I completely understand that, which is why I was wondering what HIS options were. I think its a completely different message we are sending if we say, "we are willing to help you fight to adjust the visitiation schedule" which is what we are doing. And then saying, "we will support you if you want to try to fight to get your mother's custody removed, but we will not fight to get this part done for you". If he can make his case to a judge about her influence, and the judge agrees with him, then that is between him and the judge, rather than us saying, "yup, she's not supportive of your choices so lets cut her out of them". I see both sides of this, so I'm not going into this lightly, it is a struggle. But, if he can articulate WHY she shouldn't have a say so, and he can stand up and explain that himself, to the satisfaction of the court, then I see that different than me saying, "hey yeah, let's just get rid of anyone we don't agree with". Maybe I'm fooling myself about that because I'm too close to the issue so secretly I want this to happen. I have watched him get hurt time and time again, and part of me hopes that she loses all say so in his life. But I am honestly trying to support him without judging what he wants, and without owning his issues, when those issues belong to him alone.
Forgive me if I'm wrong, but I seem to remember upthread that your dh has primary physical custody and they have joint legal? If thats right, my lawyer (in NYC) explained that the difference between joint legal, and full legal aren't many, practically speaking.
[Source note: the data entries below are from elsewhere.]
lemma T_path_Nil [simp]: "T_path r s k F [] = lin_id r s k F"
  and T_path_Cons [simp]: "T_path r s k F (e # w) = lin_apply k F (fst (elab e)) (T_path r s k F w)"
  by (simp_all add: T_path_def lin_comp_def)

lemma aff_path_diff_real:
  "i < r \<Longrightarrow> fst (aff_path k F w x) i - fst (aff_path k F w y) i = fst (T_path r s k F w) i * (fst x i - fst y i)"
proof (induction w)
  case (Cons e w)
  have "fst (aff_path k F (e # w) x) i - fst (aff_path k F (e # w) y) i
     = fst (fst (elab e)) i * (fst (aff_path k F w x) i - fst (aff_path k F w y) i)"
    by (simp add: right_diff_distrib)
  then show ?case using Cons by (simp add: mult.assoc)
qed (simp add: lin_id_def)

lemma aff_path_diff_complex:
  "i < s \<Longrightarrow> fst (snd (aff_path k F w x)) i - fst (snd (aff_path k F w y)) i
     = fst (snd (T_path r s k F w)) i * (fst (snd x) i - fst (snd y) i)"
proof (induction w)
  case (Cons e w)
  have "fst (snd (aff_path k F (e # w) x)) i - fst (snd (aff_path k F (e # w) y)) i
     = fst (snd (fst (elab e))) i * (fst (snd (aff_path k F w x)) i - fst (snd (aff_path k F w y)) i)"
    by (simp add: right_diff_distrib)
  then show ?case using Cons by (simp add: mult.assoc)
qed (simp add: lin_id_def)


lemma nu_zero_exponent: "nu r s k F av n G \<eta>0 0 A = \<infinity>"
proof -
  have top: "(\<Sum>i::nat. 1::ennreal) = \<infinity>"
  proof (rule ccontr)
    assume "(\<Sum>i::nat. 1::ennreal) \<noteq> \<infinity>"
    then obtain m where "(\<Sum>i::nat. 1::ennreal) < of_nat m"
      using ennreal_Ex_less_of_nat by (auto simp: top.not_eq_extremum infinity_ennreal_def)
    moreover have "(\<Sum>i<m. 1::ennreal) \<le> (\<Sum>i::nat. 1::ennreal)" by (rule sum_le_suminf) auto
    ultimately show False by simp
  qed
  then show ?thesis unfolding nu_def by (simp add: Phi_def top_unique)
qed

lemma nu_less_cover:
  fixes F :: "nat \<Rightarrow> 'a ring"
  assumes "nu r s k F av n G \<eta>0 q A < B" and "\<delta> > 0"
  obtains c where "\<And>m. c m \<in> Efin n G" "\<And>m. diam_set (dE \<eta>0) (cyl n G (c m)) \<le> \<delta>"
    "A \<subseteq> (\<Union>m. cyl n G (c m))" "(\<Sum>m. ennreal (Phi r s k av q (T_path r s k F (c m)))) < B"
proof -
  define CS where "CS = {c :: nat \<Rightarrow> 'a edge list.
      (\<forall>i. c i \<in> Efin n G \<and> diam_set (dE \<eta>0) (cyl n G (c i)) \<le> \<delta>) \<and> A \<subseteq> (\<Union>i. cyl n G (c i))}"
  have "(INF c\<in>CS. \<Sum>i. ennreal (Phi r s k av q (T_path r s k F (c i)))) \<le> nu r s k F av n G \<eta>0 q A"
    unfolding nu_def CS_def using assms(2) by (intro SUP_upper) auto
  then have "(INF c\<in>CS. \<Sum>i. ennreal (Phi r s k av q (T_path r s k F (c i)))) < B"
    using assms(1) by (rule order.strict_trans1)
  then obtain c where "c \<in> CS" "(\<Sum>i. ennreal (Phi r s k av q (T_path r s k F (c i)))) < B"
    by (auto simp: INF_less_iff)
  then show thesis using that unfolding CS_def by blast
qed

lemma dE_le_1: "\<eta>0 > 1 \<Longrightarrow> dE \<eta>0 x y \<le> 1"
  unfolding dE_def by (auto simp: powr_minus_divide ge_one_powr_ge_zero)

lemma dE_le_diam_set:
  assumes "\<eta>0 > 1" "x \<in> S" "y \<in> S"
  shows "dE \<eta>0 x y \<le> diam_set (dE \<eta>0) S"
proof -
  have bdd: "bdd_above {dE \<eta>0 x y | x y. x \<in> S \<and> y \<in> S}"
    using dE_le_1[OF assms(1)] by (auto intro!: bdd_aboveI)
  have "dE \<eta>0 x y \<le> Sup {dE \<eta>0 x y | x y. x \<in> S \<and> y \<in> S}"
    using assms by (intro cSup_upper[OF _ bdd]) blast
  then show ?thesis using assms unfolding diam_set_def by auto
qed

lemma cyl_elems_agree:
  assumes \<eta>: "\<eta>0 > 1" and \<omega>: "\<omega> \<in> cyl n G c" and \<omega>': "\<omega>' \<in> cyl n G c"
    and diam: "diam_set (dE \<eta>0) (cyl n G c) \<le> \<eta>0 powr (- real L)" and j: "j < max (length c) L"
  shows "\<omega> j = \<omega>' j"
proof (cases "j < length c")
  case True
  then show ?thesis using \<omega> \<omega>' unfolding cyl_def by auto
next
  case False
  show ?thesis
  proof (rule ccontr)
    assume ne: "\<omega> j \<noteq> \<omega>' j"
    define m where "m = (LEAST t. \<omega> t \<noteq> \<omega>' t)"
    have "m \<le> j" unfolding m_def using ne by (rule Least_le)
    have "\<eta>0 powr (- real m) = dE \<eta>0 \<omega> \<omega>'" using ne unfolding dE_def m_def by auto
    also have "\<dots> \<le> \<eta>0 powr (- real L)" using dE_le_diam_set[OF \<eta> \<omega> \<omega>'] diam by linarith
    finally have "- real m \<le> - real L" using \<eta> by simp
    then show False using \<open>m \<le> j\<close> False j by simp
  qed
qed

section \<open>Graph-directed iterated function systems\<close>

locale gifs = product_space r s k F av
  for r s k :: nat and F :: "nat \<Rightarrow> 'a ring" and av :: "nat \<Rightarrow> 'a \<Rightarrow> real" +
  fixes n :: nat and G :: "nat \<Rightarrow> nat \<Rightarrow> ('a pt \<times> 'a pt) set" and \<Omega> :: "nat \<Rightarrow> 'a pt set"
  assumes finite_G: "\<forall>i<n. \<forall>j<n. finite (G i j)"
    and maps: "\<forall>i<n. \<forall>j<n. \<forall>f\<in>G i j. lin_ok r s k F av (fst f) \<and> snd f \<in> Xset r s k F"
    and nonempty: "\<forall>i<n. \<Omega> i \<noteq> {}"
    and compact: "\<forall>i<n. dcompact r s k F av (\<Omega> i)"
    and solution: "\<forall>i<n. \<Omega> i = (\<Union>j<n. \<Union>f\<in>G i j. aff_apply k F f ` \<Omega> j)"
begin

abbreviation E :: "'a edge set" where "E \<equiv> edges n G"

definition cell :: "'a edge list \<Rightarrow> 'a pt set" where
  "cell w = aff_path k F w ` \<Omega> (etgt (last w))"

lemma edge_props:
  assumes "e \<in> E"
  shows "lin_ok r s k F av (fst (elab e)) \<and> snd (elab e) \<in> X \<and> etgt e < n"
proof -
  obtain i j f where e: "e = (i, j, f)" by (cases e)
  then have "i < n" "j < n" "f \<in> G i j" using assms by (auto simp: edges_def)
  then show ?thesis using maps by (simp add: e elab_def etgt_def)
qed

lemma edge_lin_ok: "e \<in> E \<Longrightarrow> lin_ok r s k F av (fst (elab e))"
  and edge_translation: "e \<in> E \<Longrightarrow> snd (elab e) \<in> X"
  and edge_etgt: "e \<in> E \<Longrightarrow> etgt e < n"
  by (simp_all add: edge_props)

lemma finite_E: "finite E"
proof -
  have "E \<subseteq> (\<Union>i<n. \<Union>j<n. (\<lambda>f. (i, j, f)) ` G i j)" by (auto simp: edges_def)
  then show ?thesis using finite_G by (auto intro: finite_subset)
qed

lemma Omega_subset_X: "j < n \<Longrightarrow> \<Omega> j \<subseteq> X"
  using compact unfolding dcompact_def by blast

lemma Efin_edges: "w \<in> Efin n G \<Longrightarrow> set w \<subseteq> E"
  by (simp add: Efin_def)

lemma Efin_etgt_last: "w \<in> Efin n G \<Longrightarrow> w \<noteq> [] \<Longrightarrow> etgt (last w) < n"
  using Efin_edges edge_etgt last_in_set by blast

lemma T_path_in_X: "set w \<subseteq> E \<Longrightarrow> T_path r s k F w \<in> X"
  by (induction w) (auto simp: lin_id_in_X lin_apply_in_X lin_ok_iff dest: edge_lin_ok)

lemma aff_path_in_X: "set w \<subseteq> E \<Longrightarrow> x \<in> X \<Longrightarrow> aff_path k F w x \<in> X"
  by (induction w) (auto simp: lin_ok_iff intro!: aff_apply_in_X dest: edge_lin_ok edge_translation)

lemma cell_subset_X: "w \<in> Efin n G \<Longrightarrow> w \<noteq> [] \<Longrightarrow> cell w \<subseteq> X"
  unfolding cell_def using aff_path_in_X Efin_edges Omega_subset_X Efin_etgt_last by blast

lemma aff_path_diff_padic:
  assumes w: "set w \<subseteq> E" and x: "x \<in> X" and y: "y \<in> X" and j: "j < k"
  shows "snd (snd (aff_path k F w x)) j \<ominus>\<^bsub>F j\<^esub> snd (snd (aff_path k F w y)) j
     = snd (snd (T_path r s k F w)) j \<otimes>\<^bsub>F j\<^esub> (snd (snd x) j \<ominus>\<^bsub>F j\<^esub> snd (snd y) j)"
  using w
proof (induction w)
  case Nil
  interpret padic_completion "F j" "av j" using padic_completion_factor[OF j] .
  show ?case using Xset_padic[OF x j] Xset_padic[OF y j] j by (simp add: lin_id_def)
next
  case (Cons e w)
  interpret padic_completion "F j" "av j" using padic_completion_factor[OF j] .
  have w: "set w \<subseteq> E" and e: "e \<in> E" using Cons.prems by auto
  have "fst (elab e) \<in> X" using edge_lin_ok[OF e] by (simp add: lin_ok_iff)
  then have a: "snd (snd (fst (elab e))) j \<in> carrier (F j)"
    and t: "snd (snd (snd (elab e))) j \<in> carrier (F j)"
    using Xset_padic[OF _ j] edge_translation[OF e] by blast+
  have u: "snd (snd (aff_path k F w x)) j \<in> carrier (F j)" "snd (snd (aff_path k F w y)) j \<in> carrier (F j)"
    using Xset_padic[OF aff_path_in_X[OF w] j] x y by auto
  have T: "snd (snd (T_path r s k F w)) j \<in> carrier (F j)" using Xset_padic[OF T_path_in_X[OF w] j] .
  have d: "snd (snd x) j \<ominus>\<^bsub>F j\<^esub> snd (snd y) j \<in> carrier (F j)"
    using Xset_padic[OF x j] Xset_padic[OF y j] by simp
  define a' where "a' = snd (snd (fst (elab e))) j"
  define u1 where "u1 = snd (snd (aff_path k F w x)) j"
  define u2 where "u2 = snd (snd (aff_path k F w y)) j"
  have "a' \<otimes>\<^bsub>F j\<^esub> u1 \<oplus>\<^bsub>F j\<^esub> snd (snd (snd (elab e))) j \<ominus>\<^bsub>F j\<^esub> (a' \<otimes>\<^bsub>F j\<^esub> u2 \<oplus>\<^bsub>F j\<^esub> snd (snd (snd (elab e))) j)
      = a' \<otimes>\<^bsub>F j\<^esub> (u1 \<ominus>\<^bsub>F j\<^esub> u2)"
    using a t u unfolding a'_def u1_def u2_def by algebra
  then show ?case using Cons.IH[OF w] j a T d unfolding a'_def u1_def u2_def by (simp add: m_assoc)
qed

lemma coord_abs_T_path_Cons:
  assumes "e \<in> E" "set w \<subseteq> E" "c \<in> set (coords r s k)"
  shows "coord_abs av (T_path r s k F (e # w)) c = coord_abs av (fst (elab e)) c * coord_abs av (T_path r s k F w) c"
  using assms edge_lin_ok[OF assms(1)] by (simp add: coord_abs_lin_apply T_path_in_X lin_ok_iff)

definition contraction :: real where
  "contraction = Max (insert 0 ((\<lambda>(e, c). coord_abs av (fst (elab e)) c) ` (E \<times> set (coords r s k))))"

lemma contraction_nonneg: "0 \<le> contraction"
  and contraction_less_1: "contraction < 1"
  and coord_abs_edge_le_contraction:
    "e \<in> E \<Longrightarrow> c \<in> set (coords r s k) \<Longrightarrow> coord_abs av (fst (elab e)) c \<le> contraction"
proof -
  let ?A = "insert 0 ((\<lambda>(e, c). coord_abs av (fst (elab e)) c) ` (E \<times> set (coords r s k)))"
  have fin: "finite ?A" using finite_E by simp
  show "0 \<le> contraction" unfolding contraction_def using fin by simp
  show "contraction < 1" unfolding contraction_def using fin
    by (auto simp: Max_less_iff lin_ok_iff dest: edge_lin_ok)
  show "coord_abs av (fst (elab e)) c \<le> contraction" if "e \<in> E" "c \<in> set (coords r s k)"
    unfolding contraction_def using fin that by (intro Max_ge) force+
qed

lemma coord_abs_T_path_bounds:
  assumes "set w \<subseteq> E" "c \<in> set (coords r s k)"
  shows "0 < coord_abs av (T_path r s k F w) c \<and> coord_abs av (T_path r s k F w) c \<le> contraction ^ length w"
  using assms(1)
proof (induction w)
  case (Cons e w)
  then have e: "e \<in> E" and w: "set w \<subseteq> E" by auto
  have "0 < coord_abs av (fst (elab e)) c" using edge_lin_ok[OF e] assms(2) by (simp add: lin_ok_iff)
  then show ?case using Cons.IH[OF w] coord_abs_T_path_Cons[OF e w assms(2)]
      coord_abs_edge_le_contraction[OF e assms(2)]
    by (auto intro: mult_mono)
qed (simp add: coord_abs_lin_id assms(2))

lemma coord_abs_T_path_pos:
  "set w \<subseteq> E \<Longrightarrow> c \<in> set (coords r s k) \<Longrightarrow> 0 < coord_abs av (T_path r s k F w) c"
  and coord_abs_T_path_le:
  "set w \<subseteq> E \<Longrightarrow> c \<in> set (coords r s k) \<Longrightarrow> coord_abs av (T_path r s k F w) c \<le> contraction ^ length w"
  using coord_abs_T_path_bounds by blast+

lemma coord_abs_T_path_append_le:
  assumes "set (v @ u) \<subseteq> E" and c: "c \<in> set (coords r s k)"
  shows "coord_abs av (T_path r s k F (v @ u)) c \<le> coord_abs av (T_path r s k F v) c"
  using assms(1)
proof (induction v)
  case Nil
  then have "coord_abs av (T_path r s k F u) c \<le> contraction ^ length u"
    using coord_abs_T_path_le c by simp
  also have "\<dots> \<le> 1" using contraction_nonneg contraction_less_1 by (simp add: power_le_one)
  finally show ?case using c by (simp add: coord_abs_lin_id)
next
  case (Cons e v)
  then have e: "e \<in> E" and vu: "set (v @ u) \<subseteq> E" by auto
  have "0 < coord_abs av (fst (elab e)) c" using edge_lin_ok[OF e] c by (simp add: lin_ok_iff)
  then show ?case
    using Cons.IH[OF vu] coord_abs_T_path_Cons[OF e vu c] coord_abs_T_path_Cons[OF e _ c] vu by simp
qed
She said that in joint legal, the custodial parent is usually the "tiebreaker" when parents disagree b/c thats who the child lives with, and so its hard for the non-custodial parent to "win" in an argument, and unless there is something HUGE happening that is detrimental to the child, then the custodial parent would "win" even in court.
If your dh's situation is slightly different, where there are "carve-outs" kind of, and each parent has complete discretion over specific aspects of decision making, then thats different, and maybe your dh should try to alter the arrangement so its pure joint custody.
Does any of that make sense? I'm going to check out your other thread, but if you and your dh pay for your dss to get a lawyer, and pay his court fee's, it will appear that you support him in going to court, and he will likely see it that way as well - as a pp said it would look like if you don't like a person's say so then just go to court and get rid of them.